В первые дни она ужасалась собственной порочности, но мало-помалу, повинуясь голосу тщеславия, стала даже гордиться ею. Впрочем, все эти сложные чувства волновали ее очень недолго. Что-то бессознательно отталкивало ее в этом человеке, главным образом то новое, непривычное, что собственно и пленило ее. Страстность, которая увлекала ее в его музыке, становилась тягостной, и минуты близости, его порывистые властные объятия были ей даже неприятны, она невольно сравнивала его себялюбивую необузданность с робким, после стольких лет супружества, благоговейным пылом мужа. Но, согрешив однажды, она вновь и вновь возвращалась к любовнику, без восторга и без разочарования, из своеобразного чувства долга и еще потому, что ей лень было побороть эту новую привычку. Прошло немного времени, и она уже отвела своему возлюбленному определенное местечко в жизни, назначила для него, как для родителей мужа, определенный день в неделе; но эта связь ничуть не изменила обычного течения ее жизни и только что-то добавила к ней. Вскоре возлюбленный вошел в благоустроенный механизм ее существования, как некий довесок равномерного счастья, как третий ребенок или новый автомобиль, и запретное любовное приключение уже ничем не отличалось от дозволенных радостей.

И вот впервые, когда ей надо было заплатить за это приключение настоящей ценой — опасностью, она принялась мелочно вычислять его истинную стоимость. Она была так избалована судьбой и заласкана близкими, так привыкла благодаря богатству почти не иметь желаний, что первое же затруднение оказалось ей не под силу. Она не пожелала поступиться хотя бы в малейшей степени своей душевной безмятежностью и, почти не задумываясь, сразу же решила пожертвовать возлюбленным ради своего покоя.

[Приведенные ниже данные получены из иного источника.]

lemma count_eps_blowup:
  assumes "finite P" and "\<epsilon> > 0" and "min_side T > 0"
  shows "\<exists>Q. finite Q \<and> card Q = card P * m \<and> m ^ 3 * count_eps P T \<epsilon> \<le> count_eps Q T (2 * \<epsilon>)"
proof -
  obtain f where inj: "inj_on f (P \<times> {..<m})"
    and moved: "\<And>p i. i < m \<Longrightarrow> dist (f (p, i)) p \<le> \<epsilon> * min_side T"
    using exists_cluster_map[OF \<open>finite P\<close>, of "\<epsilon> * min_side T" m] assms(2,3) by auto
  define Q where "Q = f ` (P \<times> {..<m})"
  define \<S> where "\<S> = {S. S \<subseteq> P \<and> card S = 3 \<and> forms_eps_congruent S T \<epsilon>}"
  define lifts where "lifts = (\<lambda>(S, \<sigma>). (\<lambda>x. f (x, \<sigma> x)) ` S) ` (SIGMA S:\<S>. S \<rightarrow>\<^sub>E {..<m})"
  have "finite Q" and "card Q = card P * m"
    using \<open>finite P\<close> card_image[OF inj] by (simp_all add: Q_def card_cartesian_product)
  have "m ^ 3 * count_eps P T \<epsilon> = card lifts"
    using card_lifted_subsets[OF inj \<open>finite P\<close>, of \<S> 3]
    by (simp add: lifts_def count_eps_def \<S>_def)
  also have "\<dots> \<le> count_eps Q T (2 * \<epsilon>)"
    unfolding count_eps_def
  proof (rule card_mono)
    show "finite {S. S \<subseteq> Q \<and> card S = 3 \<and> forms_eps_congruent S T (2 * \<epsilon>)}"
      by (rule finite_subset[OF _ finite_Collect_subsets[OF \<open>finite Q\<close>]]) blast
    show "lifts \<subseteq> {S. S \<subseteq> Q \<and> card S = 3 \<and> forms_eps_congruent S T (2 * \<epsilon>)}"
      unfolding lifts_def
    proof clarify
      fix S \<sigma> assume "S \<in> \<S>" and \<sigma>: "\<sigma> \<in> S \<rightarrow>\<^sub>E {..<m}"
      then have "S \<subseteq> P" and "card S = 3" and "forms_eps_congruent S T \<epsilon>"
        by (auto simp: \<S>_def)
      have inj_lift: "inj_on (\<lambda>x. f (x, \<sigma> x)) S"
      proof (rule inj_onI)
        fix x y assume "x \<in> S" "y \<in> S" and eq: "f (x, \<sigma> x) = f (y, \<sigma> y)"
        with \<open>S \<subseteq> P\<close> \<sigma> have "(x, \<sigma> x) \<in> P \<times> {..<m}" "(y, \<sigma> y) \<in> P \<times> {..<m}"
          by auto
        then show "x = y"
          using inj_onD[OF inj eq] by simp
      qed
      have "forms_eps_congruent ((\<lambda>x. f (x, \<sigma> x)) ` S) T (\<epsilon> + \<epsilon>)"
        using \<open>forms_eps_congruent S T \<epsilon>\<close> \<sigma> moved by (intro forms_eps_congruent_perturb[OF _ inj_lift]) auto
      then have "forms_eps_congruent ((\<lambda>x. f (x, \<sigma> x)) ` S) T (2 * \<epsilon>)"
        by (simp only: mult_2)
      moreover have "(\<lambda>x. f (x, \<sigma> x)) ` S \<subseteq> Q"
        using \<open>S \<subseteq> P\<close> \<sigma> by (auto simp: Q_def)
      moreover have "card ((\<lambda>x. f (x, \<sigma> x)) ` S) = 3"
        using card_image[OF inj_lift] \<open>card S = 3\<close> by simp
      ultimately show "(\<lambda>x. f (x, \<sigma> x)) ` S \<subseteq> Q \<and> card ((\<lambda>x. f (x, \<sigma> x)) ` S) = 3
          \<and> forms_eps_congruent ((\<lambda>x. f (x, \<sigma> x)) ` S) T (2 * \<epsilon>)"
        by blast
    qed
  qed
  finally show ?thesis
    using \<open>finite Q\<close> \<open>card Q = card P * m\<close> by blast
qed

lemma count_eps_le_card_Pow:
  assumes "finite P"
  shows "count_eps P T \<epsilon> \<le> 2 ^ card P"
proof -
  have "count_eps P T \<epsilon> \<le> card (Pow P)"
    unfolding count_eps_def using assms by (intro card_mono) auto
  with assms show ?thesis
    by (simp add: card_Pow)
qed

lemma h_eps_attained:
  "\<exists>P. finite P \<and> card P = n \<and> count_eps P T \<epsilon> = h_eps n T \<epsilon>"
  and count_eps_le_h_eps:
  "finite P \<Longrightarrow> card P = n \<Longrightarrow> count_eps P T \<epsilon> \<le> h_eps n T \<epsilon>"
proof -
  let ?counts = "{count_eps P T \<epsilon> | P. finite P \<and> card P = n}"
  have "finite ?counts"
    by (rule finite_subset[of _ "{..2 ^ n}"]) (auto dest: count_eps_le_card_Pow)
  moreover have "?counts \<noteq> {}"
    using infinite_arbitrarily_large[OF infinite_UNIV_char_0, of n] by (force simp: finite_subset)
  ultimately have "h_eps n T \<epsilon> \<in> ?counts"
    unfolding h_eps_def by (rule Max_in)
  then show "\<exists>P. finite P \<and> card P = n \<and> count_eps P T \<epsilon> = h_eps n T \<epsilon>"
    by auto
  show "count_eps P T \<epsilon> \<le> h_eps n T \<epsilon>" if "finite P" "card P = n"
    unfolding h_eps_def using \<open>finite ?counts\<close> that by (intro Max_ge) auto
qed

lemma h_le_h_eps: "\<epsilon> > 0 \<Longrightarrow> h n T \<le> h_eps n T \<epsilon>"
  unfolding h_def by (rule cInf_lower) auto

lemma h_supermultiplicative:
  assumes "min_side T > 0"
  shows "m ^ 3 * h n T \<le> h (n * m) T"
  unfolding h_def[of "n * m"]
proof (rule cInf_greatest)
  show "{h_eps (n * m) T \<epsilon> | \<epsilon>. \<epsilon> > 0} \<noteq> {}"
    by (auto intro: exI[of _ 1])
  fix x assume "x \<in> {h_eps (n * m) T \<epsilon> | \<epsilon>. \<epsilon> > 0}"
  then obtain \<epsilon> where "\<epsilon> > 0" and x: "x = h_eps (n * m) T \<epsilon>"
    by auto
  obtain P where P: "finite P" "card P = n" "count_eps P T (\<epsilon> / 2) = h_eps n T (\<epsilon> / 2)"
    using h_eps_attained by blast
  obtain Q where Q: "finite Q" "card Q = n * m" "m ^ 3 * count_eps P T (\<epsilon> / 2) \<le> count_eps Q T \<epsilon>"
    using count_eps_blowup[OF \<open>finite P\<close> _ assms, of "\<epsilon> / 2" m] \<open>\<epsilon> > 0\<close> P(2) by auto
  have "m ^ 3 * h n T \<le> m ^ 3 * h_eps n T (\<epsilon> / 2)"
    using h_le_h_eps[of "\<epsilon> / 2"] \<open>\<epsilon> > 0\<close> by simp
  also have "\<dots> \<le> count_eps Q T \<epsilon>"
    using P(3) Q(3) by simp
  also have "\<dots> \<le> x"
    unfolding x using count_eps_le_h_eps[OF Q(1,2)] .
  finally show "m ^ 3 * h n T \<le> x" .
qed

lemma le_of_supermultiplicative_asymptotic_bound:
  fixes u g :: "nat \<Rightarrow> real" and d :: nat
  assumes super: "\<And>n m. m > 0 \<Longrightarrow> real m ^ d * u n \<le> u (n * m)"
    and "g \<longlonglongrightarrow> 0" and bound: "\<forall>\<^sub>F k in sequentially. u k \<le> a * real k ^ d * (1 + g k)"
    and "n > 0"
  shows "u n \<le> a * real n ^ d"
proof -
  have mult_n: "filterlim (\<lambda>m. n * m) sequentially sequentially"
    using \<open>n > 0\<close> by (rule mult_nat_left_at_top)
  have "(\<lambda>m. a * real n ^ d * (1 + g (n * m))) \<longlonglongrightarrow> a * real n ^ d * (1 + 0)"
    using filterlim_compose[OF \<open>g \<longlonglongrightarrow> 0\<close> mult_n] by (intro tendsto_intros)
  moreover have "\<forall>\<^sub>F m in sequentially. u n \<le> a * real n ^ d * (1 + g (n * m))"
    using eventually_compose_filterlim[OF bound mult_n] eventually_gt_at_top[of 0]
  proof eventually_elim
    case (elim m)
    have "real m ^ d * u n \<le> u (n * m)"
      using super \<open>m > 0\<close> .
    also have "\<dots> \<le> real m ^ d * (a * real n ^ d * (1 + g (n * m)))"
      using elim(1) by (simp add: power_mult_distrib algebra_simps)
    finally show ?case
      using \<open>m > 0\<close> by simp
  qed
  ultimately show ?thesis
    using tendsto_le[OF trivial_limit_sequentially _ tendsto_const] by fastforce
qed

theorem lemma4p1:
  fixes T :: "real \<times> real \<times> real" and a :: real
  assumes "is_triangle T"
    and "0 \<le> a" and "a \<le> 1"
    and "\<exists>g :: nat \<Rightarrow> real. g \<longlonglongrightarrow> 0 \<and>
           (\<forall>\<^sub>F n in sequentially. real (h n T) \<le> a * real n ^ 3 * (1 + g n))"
  shows "\<forall>n :: nat. n > 0 \<longrightarrow> real (h n T) \<le> a * real n ^ 3"
proof (intro allI impI)
  fix n :: nat assume "n > 0"
  have "min_side T > 0"
    using \<open>is_triangle T\<close> by (auto simp: is_triangle_def min_side_def)
  then have "real m ^ 3 * real (h k T) \<le> real (h (k * m) T)" for k m
    using h_supermultiplicative[of T m k] by (metis of_nat_le_iff of_nat_mult of_nat_power)
  with assms(4) \<open>n > 0\<close> show "real (h n T) \<le> a * real n ^ 3"
    using le_of_supermultiplicative_asymptotic_bound[where u = "\<lambda>k. real (h k T)"] by blast
qed

end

В тот же день к вечеру посыльный принес в ответ от возлюбленного испуганное, бессвязное письмо. Это письмо, наполненное растерянными мольбами, жалобами и упреками, слегка поколебало ее решимость покончить с приключением — очень уж льстила ее тщеславию пылкость любовника и его страстное отчаяние. Он настойчиво просил ее хоть о мимолетной встрече, чтобы оправдаться, если он чем-нибудь невольно обидел ее, и теперь ее уже манила новая игра — подольше сердиться на него, чтобы стать ему еще желаннее. Поэтому она велела ему прийти в ту кондитерскую, где, как ей вдруг вспомнилось, у нее в девические годы было свидание с одним актером, свидание настолько почтительное и невинное, что теперь оно казалось ей ребячеством. Забавно, с улыбкой подумала она, что романтика, совсем заглохшая за время супружеской жизни, вновь распускается пышным цветом. И она уже готова была радоваться вчерашнему столкновению, оказавшему на нее такое сильное, живительное действие, что нервы ее, обычно легко приходившие в равновесие, тут все еще продолжали вибрировать.